Monday, April 18, 2011

What They Think.

Last week, I stepped out on faith and applied for a really cool opportunity for my future. It's completely in God's hands and now I just wait. When I sent in my application I also sent with it some recommendation letters from a few of the kids I have worked with in the Rock Youth Ministry for the past 5 years. I simply asked them to write how God used me, if at all, to contribute to their spiritual growth. In the midst of a letter from one them, I read this:

 "This past year Jenilee went through a divorce with my former Youth Pastor, and at the time I was close to both of them. I expected Jenilee to be broken, lost, and to not know how to pick up the pieces of her life. Instead Jenilee has been an influence to everyone around her. Jenilee has given God so much glory for allowing her to go through such a tribulation, and being more in love with God then she ever was before, through both celebrations an tribulations."

Wow.

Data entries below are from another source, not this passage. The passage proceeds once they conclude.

(* Let $b\geq2$ and even, $k\leq n-2$ and $\mathbf s=s_1s_2\ldots s_k$. If $\mathbf t$ is the last sequence in $\mathbf s\,|\,R_n(b)$ when this set is listed in co-Reflected Gray Code Order, then $\mathbf t$ has one of the following forms: 1. $\mathbf t=\mathbf sM0\ldots0$ if $U_{k+1}$ is even and $M$ is even, 2. $\mathbf t=\mathbf sM(M+1)0\ldots0$ if $U_{k+1}$ is even and $M$ is odd, 3. $\mathbf t=\mathbf s0\ldots0$ if $U_{k+1}$ is odd, where $M=\min\{b,\max\{s_i\}_{i=1}^k+1\}$ and $U_{k+1}=\sum_{i=1}^k[s_i\neq0 \text{ and } s_i \text{ is even}]$.
   Context: A restricted growth function of length $n$ is an integer sequence $s_1s_2\ldots s_n$ with $s_1=0$ and $0\leq s_{i+1}\leq \max\{s_j\}_{j=1}^i+1$ for $1\leq i\leq n-1$; $R_n$ is the set of these, and for $b\geq1$, $R_n(b)=\{s_1\ldots s_n\in R_n : \max\{s_i\}_{i=1}^n\leq b\}$. For a sequence $\mathbf u$, $\mathbf u\,|\,S$ denotes the subset of $S$ of sequences having prefix $\mathbf u$. The co-Reflected Gray Code Order on $\{0,1,\ldots,m-1\}^n$ ($m\geq2$) is defined by: $s_1\ldots s_n$ is less than $t_1\ldots t_n$ if, for the position $k$ with $s_i=t_i$ ($1\leq i\leq k-1$) and $s_k\neq t_k$, either $U_k$ is even and $s_k<t_k$, or $U_k$ is odd and $s_k>t_k$, where $U_k=|\{i\in\{1,\ldots,k-1\}: s_i\neq0,\ s_i \text{ even}\}|$. $[P]$ denotes the Iverson bracket (1 if $P$ is true, 0 otherwise). *)

theory Defs
  imports Main
begin

(* Sequences s_1 ... s_n are represented as lists; s_i is  s ! (i-1). *)

definition rgf :: "nat \<Rightarrow> nat list \<Rightarrow> bool" where
  "rgf n s \<longleftrightarrow> length s = n \<and> (0 < n \<longrightarrow> s ! 0 = 0) \<and>
     (\<forall>i. Suc i < n \<longrightarrow> s ! Suc i \<le> Max (set (take (Suc i) s)) + 1)"

definition R_b :: "nat \<Rightarrow> nat \<Rightarrow> nat list set" where
  "R_b n b = {s. rgf n s \<and> (\<forall>x\<in>set s. x \<le> b)}"

definition with_prefix :: "nat list \<Rightarrow> nat list set \<Rightarrow> nat list set" where
  "with_prefix u S = {s \<in> S. take (length u) s = u}"

text \<open>U_k for a sequence s: number of i in {1..k-1} with s_i nonzero and even
  (here given via the 0-indexed length-(k-1) prefix).\<close>
definition U :: "nat list \<Rightarrow> nat \<Rightarrow> nat" where
  "U s k = card {i. i < k - 1 \<and> s ! i \<noteq> 0 \<and> even (s ! i)}"

definition coRGC_less :: "nat list \<Rightarrow> nat list \<Rightarrow> bool" where
  "coRGC_less s t \<longleftrightarrow> length s = length t \<and>
     (\<exists>j < length s. take j s = take j t \<and> s ! j \<noteq> t ! j \<and>
        ((even (U s (Suc j)) \<and> s ! j < t ! j) \<or> (odd (U s (Suc j)) \<and> s ! j > t ! j)))"

definition is_last_coRGC :: "nat list set \<Rightarrow> nat list \<Rightarrow> bool" where
  "is_last_coRGC S t \<longleftrightarrow> t \<in> S \<and> (\<forall>u\<in>S. u \<noteq> t \<longrightarrow> coRGC_less u t)"

end

theory Submission
  imports Defs
begin

text \<open>In co-RGC order a sequence is maximal once, at every position, its entry is the largest
  admissible one when the number of preceding nonzero even entries is even, and is 0 when that
  number is odd. Past the prefix \<open>s\<close>, the even case forces the entry \<open>M\<close>; when \<open>M\<close> is even this
  makes the count odd, so zeros may follow. When \<open>M\<close> is odd (hence \<open>M < b\<close>, since \<open>b\<close> is even,
  and \<open>M = max s + 1\<close>) the count stays even and the next entry must be \<open>M + 1\<close>, which is even;
  then zeros follow. If the count after \<open>s\<close> is already odd, zeros follow immediately.\<close>

definition nz_even_count :: "nat list \<Rightarrow> nat" where
  "nz_even_count xs = length (filter (\<lambda>v. v \<noteq> 0 \<and> even v) xs)"

lemma U_eq_nz_even_count_take:
  assumes "j \<le> length x"
  shows "U x (Suc j) = nz_even_count (take j x)"
proof -
  have "{i. i < length (take j x) \<and> take j x ! i \<noteq> 0 \<and> even (take j x ! i)}
      = {i. i < j \<and> x ! i \<noteq> 0 \<and> even (x ! i)}"
    using assms by auto
  then show ?thesis
    unfolding U_def nz_even_count_def length_filter_conv_card by simp
qed

lemma nz_even_count_append_zeros [simp]:
  "nz_even_count (xs @ replicate m 0) = nz_even_count xs"
  by (simp add: nz_even_count_def)

lemma rgf_take:
  assumes "rgf n x" "m \<le> n"
  shows "rgf m (take m x)"
  using assms unfolding rgf_def by (auto simp: min_def)

lemma rgf_nth_le_Max:
  assumes "rgf n u" "0 < j" "j < n"
  shows "u ! j \<le> Max (set (take j u)) + 1"
proof -
  obtain i where "j = Suc i" using assms(2) by (cases j) auto
  then show ?thesis using assms(1,3) unfolding rgf_def by blast
qed

lemma rgf_snoc:
  assumes "xs \<noteq> []" "rgf (length xs) xs" "y \<le> Max (set xs) + 1"
  shows "rgf (Suc (length xs)) (xs @ [y])"
  unfolding rgf_def
proof (intro conjI allI impI)
  show "(xs @ [y]) ! 0 = 0" using assms(1,2) unfolding rgf_def by (simp add: nth_append)
  fix i assume "Suc i < Suc (length xs)"
  then consider "Suc i < length xs" | "Suc i = length xs" by linarith
  then show "(xs @ [y]) ! Suc i \<le> Max (set (take (Suc i) (xs @ [y]))) + 1"
    by cases (use assms(2,3) in \<open>simp_all add: rgf_def nth_append\<close>)
qed simp

lemma rgf_append_zeros:
  assumes "xs \<noteq> []" "rgf (length xs) xs"
  shows "rgf (length xs + m) (xs @ replicate m 0)"
proof (induction m)
  case (Suc m)
  then have "rgf (Suc (length (xs @ replicate m 0))) ((xs @ replicate m 0) @ [0])"
    using assms(1) by (intro rgf_snoc) auto
  then show ?case by (simp add: replicate_append_same)
qed (use assms in simp)

lemma R_b_nth_le:
  assumes "u \<in> R_b n b" "0 < j" "j < n"
  shows "u ! j \<le> min b (Max (set (take j u)) + 1)"
proof -
  have "rgf n u" "\<forall>x\<in>set u. x \<le> b" using assms(1) unfolding R_b_def by auto
  moreover have "u ! j \<in> set u" using \<open>rgf n u\<close> assms(3) unfolding rgf_def by simp
  ultimately show ?thesis using rgf_nth_le_Max assms(2,3) by simp
qed

lemma with_prefix_R_b_prefix:
  assumes "u \<in> with_prefix s (R_b n b)" "length s \<le> n"
  shows "rgf (length s) s" "\<forall>x\<in>set s. x \<le> b"
proof -
  have u: "rgf n u" "\<forall>x\<in>set u. x \<le> b" and s: "s = take (length s) u"
    using assms(1) unfolding with_prefix_def R_b_def by auto
  show "rgf (length s) s" using rgf_take[OF u(1) assms(2)] s by simp
  show "\<forall>x\<in>set s. x \<le> b" using u(2) s by (metis in_set_takeD)
qed

lemma is_last_coRGC_eqI:
  assumes "is_last_coRGC S t" "t0 \<in> S" "\<And>u. u \<in> S \<Longrightarrow> \<not> coRGC_less t0 u"
  shows "t = t0"
proof (rule ccontr)
  assume "t \<noteq> t0"
  with assms(1,2) have "coRGC_less t0 t" unfolding is_last_coRGC_def by auto
  moreover have "t \<in> S" using assms(1) unfolding is_last_coRGC_def by simp
  ultimately show False using assms(3) by blast
qed

lemma not_coRGC_less_append_zeros:
  assumes "length u = length p + m"
    and "odd (nz_even_count p)"
    and "\<And>j. j < length p \<Longrightarrow> take j u = take j p \<Longrightarrow> u ! j \<noteq> p ! j \<Longrightarrow>
           (if even (U p (Suc j)) then u ! j \<le> p ! j else p ! j = 0)"
  shows "\<not> coRGC_less (p @ replicate m 0) u"
proof
  define t0 where "t0 = p @ replicate m 0"
  assume "coRGC_less (p @ replicate m 0) u"
  then obtain j where j: "j < length t0" "take j t0 = take j u" "t0 ! j \<noteq> u ! j"
      "(even (U t0 (Suc j)) \<and> t0 ! j < u ! j) \<or> (odd (U t0 (Suc j)) \<and> t0 ! j > u ! j)"
    unfolding coRGC_less_def t0_def by blast
  have U_t0: "U t0 (Suc j) = nz_even_count (take j t0)"
    using j(1) by (simp add: U_eq_nz_even_count_take)
  show False
  proof (cases "j < length p")
    case True
    then have "take j t0 = take j p" "t0 ! j = p ! j" by (simp_all add: t0_def nth_append)
    moreover have "U p (Suc j) = nz_even_count (take j p)"
      using True by (simp add: U_eq_nz_even_count_take)
    ultimately show False
      using assms(3)[OF True] j(2-4) U_t0 by (auto split: if_splits)
  next
    case False
    then have "take j t0 = p @ replicate (j - length p) 0" "t0 ! j = 0"
      using j(1) by (simp_all add: t0_def nth_append)
    then show False using j(4) U_t0 assms(2) by simp
  qed
qed

lemma last_coRGC_eq_append_zeros:
  assumes last: "is_last_coRGC (with_prefix s (R_b n b)) t"
    and "take (length s) p = s" "length p \<le> n" "p \<noteq> []"
    and "rgf (length p) p" "\<forall>x\<in>set p. x \<le> b"
    and "odd (nz_even_count p)"
    and extremal: "\<And>u j. u \<in> with_prefix s (R_b n b) \<Longrightarrow> length s \<le> j \<Longrightarrow> j < length p \<Longrightarrow>
           take j u = take j p \<Longrightarrow> (if even (U p (Suc j)) then u ! j \<le> p ! j else p ! j = 0)"
  shows "t = p @ replicate (n - length p) 0"
proof (rule is_last_coRGC_eqI[OF last])
  have "length s \<le> length p" using arg_cong[OF assms(2), of length] by simp
  have "rgf n (p @ replicate (n - length p) 0)"
    using rgf_append_zeros[OF assms(4,5), of "n - length p"] assms(3) by simp
  then show "p @ replicate (n - length p) 0 \<in> with_prefix s (R_b n b)"
    using assms(2,6) \<open>length s \<le> length p\<close> unfolding with_prefix_def R_b_def by auto
  fix u assume u: "u \<in> with_prefix s (R_b n b)"
  then have len: "length u = length p + (n - length p)" and prefix: "take (length s) u = s"
    using assms(3) unfolding with_prefix_def R_b_def rgf_def by auto
  show "\<not> coRGC_less (p @ replicate (n - length p) 0) u"
  proof (rule not_coRGC_less_append_zeros[OF len assms(7)])
    fix j assume j: "j < length p" "take j u = take j p" "u ! j \<noteq> p ! j"
    have "length s \<le> j"
    proof (rule ccontr)
      assume "\<not> length s \<le> j"
      then have "u ! j = s ! j" "p ! j = s ! j"
        using prefix assms(2) by (metis not_le nth_take)+
      with j(3) show False by simp
    qed
    then show "if even (U p (Suc j)) then u ! j \<le> p ! j else p ! j = 0"
      using extremal[OF u _ j(1,2)] by simp
  qed
qed

context
  fixes b n :: nat and s :: "nat list"
  assumes prefix_nonempty: "s \<noteq> []" and room: "length s + 2 \<le> n"
    and prefix_valid: "rgf (length s) s" "\<forall>x\<in>set s. x \<le> b"
begin

lemma last_coRGC_odd_count:
  assumes "is_last_coRGC (with_prefix s (R_b n b)) t" "odd (nz_even_count s)"
  shows "t = s @ replicate (n - length s) 0"
  by (rule last_coRGC_eq_append_zeros) (use assms prefix_nonempty room prefix_valid in auto)

lemma R_b_nth_after_prefix_le:
  assumes "u \<in> with_prefix s (R_b n b)"
  shows "u ! length s \<le> min b (Max (set s) + 1)"
  using R_b_nth_le[of u n b "length s"] assms prefix_nonempty room
  unfolding with_prefix_def by auto

lemma last_coRGC_even_count_even_max:
  fixes M defines "M \<equiv> min b (Max (set s) + 1)"
  assumes "is_last_coRGC (with_prefix s (R_b n b)) t" "even (nz_even_count s)"
    and "even M" "b \<ge> 1"
  shows "t = s @ [M] @ replicate (n - length s - 1) 0"
proof -
  have "M \<noteq> 0" "M \<le> b" using assms(5) by (simp_all add: M_def)
  then have odd_count: "odd (nz_even_count (s @ [M]))"
    using assms(3,4) by (simp add: nz_even_count_def)
  have rgf_p: "rgf (length (s @ [M])) (s @ [M])"
    using prefix_nonempty prefix_valid by (auto intro: rgf_snoc simp: M_def)
  have "t = (s @ [M]) @ replicate (n - length (s @ [M])) 0"
  proof (rule last_coRGC_eq_append_zeros[OF assms(2) _ _ _ rgf_p _ odd_count])
    fix u j assume u: "u \<in> with_prefix s (R_b n b)" and "length s \<le> j" "j < length (s @ [M])"
    then have "j = length s" by simp
    then show "if even (U (s @ [M]) (Suc j)) then u ! j \<le> (s @ [M]) ! j else (s @ [M]) ! j = 0"
      using R_b_nth_after_prefix_le[OF u] assms(3)
      by (simp add: U_eq_nz_even_count_take M_def)
  qed (use \<open>M \<le> b\<close> prefix_valid room in auto)
  then show ?thesis by simp
qed

lemma last_coRGC_even_count_odd_max:
  fixes M defines "M \<equiv> min b (Max (set s) + 1)"
  assumes "is_last_coRGC (with_prefix s (R_b n b)) t" "even (nz_even_count s)"
    and "odd M" "even b"
  shows "t = s @ [M, M + 1] @ replicate (n - length s - 2) 0"
proof -
  define p where "p = s @ [M, M + 1]"
  have "M \<noteq> b" using assms(4,5) by auto
  then have M: "M = Max (set s) + 1" "M + 1 \<le> b" by (auto simp: M_def min_def split: if_splits)
  then have Max_sM: "Max (set (s @ [M])) = M" using prefix_nonempty by (simp add: max_def)
  have "rgf (Suc (length s)) (s @ [M])"
    using prefix_nonempty prefix_valid M by (intro rgf_snoc) auto
  then have rgf_p: "rgf (length p) p"
    using rgf_snoc[of "s @ [M]" "M + 1"] Max_sM by (simp add: p_def)
  have odd_count: "odd (nz_even_count p)"
    using assms(3,4) by (simp add: p_def nz_even_count_def)
  have "t = p @ replicate (n - length p) 0"
  proof (rule last_coRGC_eq_append_zeros[OF assms(2) _ _ _ rgf_p _ odd_count])
    fix u j assume u: "u \<in> with_prefix s (R_b n b)" and j: "length s \<le> j" "j < length p"
      and prefix: "take j u = take j p"
    from j consider "j = length s" | "j = Suc (length s)" by (fastforce simp: p_def)
    then show "if even (U p (Suc j)) then u ! j \<le> p ! j else p ! j = 0"
    proof cases
      case 1
      then show ?thesis using R_b_nth_after_prefix_le[OF u] assms(3)
        by (simp add: p_def U_eq_nz_even_count_take M_def)
    next
      case 2
      then have "take (Suc (length s)) u = s @ [M]" using prefix by (simp add: p_def)
      then have "u ! Suc (length s) \<le> M + 1"
        using R_b_nth_le[of u n b "Suc (length s)"] u room Max_sM
        unfolding with_prefix_def by auto
      then show ?thesis using 2 assms(3,4)
        by (simp add: p_def U_eq_nz_even_count_take nz_even_count_def nth_append)
    qed
  qed (use M prefix_valid room in \<open>auto simp: p_def M_def\<close>)
  then show ?thesis by (simp add: p_def)
qed

end

theorem proposition3:
  fixes b n k :: nat and s t :: "nat list"
  assumes "b \<ge> 2" and "even b"
    and "1 \<le> k" and "k + 2 \<le> n"
    and "length s = k"
    and "is_last_coRGC (with_prefix s (R_b n b)) t"
  defines "M \<equiv> min b (Max (set s) + 1)"
  defines "Uk \<equiv> U s (k + 1)"
  shows "(even Uk \<and> even M \<longrightarrow> t = s @ [M] @ replicate (n - k - 1) 0)
       \<and> (even Uk \<and> odd M \<longrightarrow> t = s @ [M, M + 1] @ replicate (n - k - 2) 0)
       \<and> (odd Uk \<longrightarrow> t = s @ replicate (n - k) 0)"
proof -
  have nonempty: "s \<noteq> []" and room: "length s + 2 \<le> n" using assms(3-5) by auto
  have "t \<in> with_prefix s (R_b n b)" using assms(6) unfolding is_last_coRGC_def by simp
  from with_prefix_R_b_prefix[OF this] room
  have valid: "rgf (length s) s" "\<forall>x\<in>set s. x \<le> b" by simp_all
  have Uk: "Uk = nz_even_count s" using assms(5) by (simp add: Uk_def U_eq_nz_even_count_take)
  show ?thesis
  proof (intro conjI impI)
    assume "even Uk \<and> even M"
    then have "even (nz_even_count s)" "even (min b (Max (set s) + 1))"
      using Uk unfolding M_def by simp_all
    from last_coRGC_even_count_even_max[OF nonempty room valid assms(6) this] assms(1,5)
    show "t = s @ [M] @ replicate (n - k - 1) 0" unfolding M_def by simp
  next
    assume "even Uk \<and> odd M"
    then have "even (nz_even_count s)" "odd (min b (Max (set s) + 1))"
      using Uk unfolding M_def by simp_all
    from last_coRGC_even_count_odd_max[OF nonempty room valid assms(6) this assms(2)] assms(5)
    show "t = s @ [M, M + 1] @ replicate (n - k - 2) 0" unfolding M_def by simp
  next
    assume "odd Uk"
    with Uk have "odd (nz_even_count s)" by simp
    from last_coRGC_odd_count[OF nonempty room valid assms(6) this] assms(5)
    show "t = s @ replicate (n - k) 0" by simp
  qed
qed

end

I won't lie- at the end of his letter, I was in tears. I hadn't asked him to comment about my divorce, but he did, and his comment was a huge encouragement to me. Because, if I was honest, this whole time in the secrecy and quietness of my at-times very scary mind, I constantly wondered what the students thought of me. Did the failure of my marriage hurt them? We led the youth ministry for years. I know they looked up to us and as students so often do, put us on a pedestal. Did it make them doubt God? Did they still believe in the sacredness and commitment of marriage? Did they lose respect for me? At times, it's felt like the big elephant in the room. I'm sure they see me alone and wonder exactly what happened. I'm sure they've heard plenty of rumors. I know they know how hurt I've been and how betrayed I've felt.

I remember the first time I went back to the youth ministry on September 22, 2010 and I led worship for the first time since the breakup of my marriage. It was an incredible feeling. For the first time, I was onstage worshipping, and the glass house had been broken. I was simply an imperfect human, just like every one else, worshipping a perfect God. I sang the words, "It's just You and me here now," and it's never felt more real.

I don't know how everyone views me now, but I know at least to that one kid, I've been able to be an example - to trust God and have faith that He can make something beautiful out of all the debris.

One last thing - after reading their letters, I realized that the most spiritual students from the Rock had faced some of the greatest harships - one boy's dad died a year ago in a motorcycle accident, one girl's family lost everything when the economy tanked, etc. There's just something about God testing those who are strong. It's like He's never content with where we're at because He always sees a far greater potential and He will use WHATEVER it takes to get us to that greater place.